Xuan Sheng se acercó lentamente, se sentó y observó a Shuang Jing, que pasaba corriendo a lo lejos, animándolo. Le preguntó en voz baja: «Si lo que dices es cierto... ¿por qué perdí la memoria?».
"Abuelo, yo también quiero saberlo, ¿de acuerdo?", pensó Che Shui, atizando el fuego con expresión de frustración, pero aun así le explicó brevemente el incidente ocurrido en Chongchonglou hace cinco años:
"...Así que, tú y Xiao Jing resultaron gravemente heridos en aquel entonces, y fueron llevados a recuperarse por la Torre de la Media Luna y la Puerta de las Siete Piedras, respectivamente. Xiao Jing tardó más de medio año en recuperarse, y en cuanto a ti..." Su voz era algo sombría, "Recién ahora nos enteramos de que sigues con vida... Tanto la Torre Chongchong como la Puerta de las Siete Piedras enviaron a mucha gente a buscar rastros de la Ciudad de la Media Luna, pero... es demasiado difícil encontrarla..."
Xuan Sheng permaneció en silencio, mirando al hombre que estaba de pie a su lado con la cabeza gacha, como un niño que hubiera hecho algo malo, y no pudo evitar sentir tristeza.
Levantó la vista hacia Shuangjing, que ignoraba a las sirvientas que estaban detrás de ella, y no pudo evitar preguntar: "¿Y qué hay de mí y del Maestro de la Secta de las Siete Piedras...?"
—La consientes demasiado —interrumpió Che Shui antes de que pudiera terminar la frase, y levantó la vista con una sonrisa—. Es difícil imaginar que alguien tan frío y distante como tú la consienta, ¿verdad? Pero de verdad, de verdad, de verdad… la consientes muchísimo. ¡Antes, cuando te veía consintiéndola, me daban ganas de darte unas cuantas patadas!
Se rió entre dientes y continuó hablando consigo mismo:
"Una vez, unos enemigos de la Ciudad de la Media Luna llamaron a nuestra puerta y secuestraron a Xiao Jing, que estaba delirando por la enfermedad. Aún estaba herida y todos estábamos muy preocupados. Pero antes de que pudiéramos reaccionar, saliste corriendo y tú solo acabaste con los quince.
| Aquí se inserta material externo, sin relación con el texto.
theorem mainTheorem7:
  fixes rho0 z0 :: "real \<Rightarrow> real" and muS muN y :: real
    and U0 U0' Om0' Z Zp S2 :: "real \<times> real \<Rightarrow> real"
  defines "Sigma0 \<equiv> rev_surface rho0 z0 muS muN"
  defines "D0 \<equiv> outside Sigma0"
  defines "KE \<equiv> proj_K D0"
  defines "KEo \<equiv> {p \<in> KE. fst p > 0}"
  assumes "muS < muN"
    and "C1_interval rho0 {muS..muN}" and "C1_interval z0 {muS..muN}"
    and "rho0 muS = 0" and "rho0 muN = 0"
    and "\<forall>mu \<in> {muS<..<muN}. rho0 mu > 0"
    and "z0 muS < z0 muN"
    and "C1_sphere_surface Sigma0"
    and "regular D0 Sigma0 (lift U0)" and "\<forall>x\<in>D0. lap3 (lift U0) x = 0"
    and "regular D0 Sigma0 (lift U0')" and "\<forall>x\<in>D0. lap3 (lift U0') x = 0"
    and "regular D0 Sigma0 (lift Om0')"
    and "\<forall>x\<in>D0. lap3 (lift Om0') x - 4 * (grad3 (lift Om0') x \<bullet> grad3 (lift U0) x) = 0"
    and "z0 muS < y" and "y < z0 muN"
    and "has_diff_on Z (\<lambda>p. cosU y p *\<^sub>R d0 U0 p + sinU y p *\<^sub>R hodge (d0 U0 p)) KEo"
    and "vanishes_at_infinity Z KEo"
    and "has_diff_on S2 (\<lambda>p. exp (- 2 * U0 p - 2 * Z p) *\<^sub>R
            ((1 - cosU y p) *\<^sub>R d0 Om0' p - sinU y p *\<^sub>R hodge (d0 Om0' p))) KEo"
    and "vanishes_at_infinity S2 KEo"
    and "has_diff_on Zp (\<lambda>p. cosU y p *\<^sub>R d0 U0' p + sinU y p *\<^sub>R hodge (d0 U0' p)) KEo"
    and "vanishes_at_infinity Zp KEo"
  shows "\<forall>p\<in>KEo.
     (let T2 = (\<lambda>q. (- 4 / fst q * S2 q) *\<^sub>R hodge (d0 (\<lambda>r. Zp r + U0' r) q)) in
        d1 (\<lambda>q. fst q *\<^sub>R hodge (T2 q)) p
          = 8 * sinU y p * exp (- 2 * U0 p - 2 * Z p) * wedge (d0 Om0' p) (hodge (d0 U0' p))
      \<and> cyl_div T2 p
          = 8 / sqrt ((fst p)\<^sup>2 + (snd p - y)\<^sup>2) * exp (- 2 * U0 p - 2 * Z p)
              * (d0 Om0' p \<bullet> d0 U0' p))"
proof
  have KEo: "KEo = {q \<in> proj_K D0. 0 < fst q}" by (simp add: KEo_def KE_def)
  have "open KEo"
    unfolding KEo D0_def by (rule open_exterior_off_axis[OF assms(12)])
  have off_axis: "\<And>q. q \<in> KEo \<Longrightarrow> 0 < fst q" by (simp add: KEo)
  have "C2_on D0 (lift U0')" using assms(15) by (simp add: regular_def)
  then obtain G where dU0': "\<And>q. q \<in> KEo \<Longrightarrow> GDERIV U0' q :> G q"
    and G: "\<And>q. q \<in> KEo \<Longrightarrow> G differentiable (at q)"
    using C2_on_lift_gradient[of D0 U0', folded KEo] by metis
  show "let T2 = (\<lambda>q. (- 4 / fst q * S2 q) *\<^sub>R hodge (d0 (\<lambda>r. Zp r + U0' r) q)) in
        d1 (\<lambda>q. fst q *\<^sub>R hodge (T2 q)) p
          = 8 * sinU y p * exp (- 2 * U0 p - 2 * Z p) * wedge (d0 Om0' p) (hodge (d0 U0' p))
      \<and> cyl_div T2 p
          = 8 / sqrt ((fst p)\<^sup>2 + (snd p - y)\<^sup>2) * exp (- 2 * U0 p - 2 * Z p)
              * (d0 Om0' p \<bullet> d0 U0' p)" if "p \<in> KEo" for p
    by (rule T2_d1_cyl_div_identities[OF \<open>open KEo\<close> off_axis that dU0' G assms(25,23)])
qed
Como resultado, tú también resultaste gravemente herido. Aunque lograste salvar a Xiao Jing, los dos yacían en la misma habitación gimiendo. Jejeje..."
Inmerso en recuerdos agradables, Che Shui no pudo evitar bailar y hablar con entusiasmo.
Sin embargo, Xuan Sheng observó su rostro radiante, pero no sintió emoción alguna.
Él no tiene ese recuerdo.
Cuando cierro los ojos, solo puedo pensar en las flores, las plantas y la luz del sol de Half Moon City.
En aquel valle apacible no había odio ni rencores, solo vastos campos, arroyos que fluían por las laderas y días tranquilos.
No había heridas, ni sangre, ni señales de espadas o lanzas.
Aunque esa persona haya sido muy importante en su momento, no queda rastro de ella en mis recuerdos.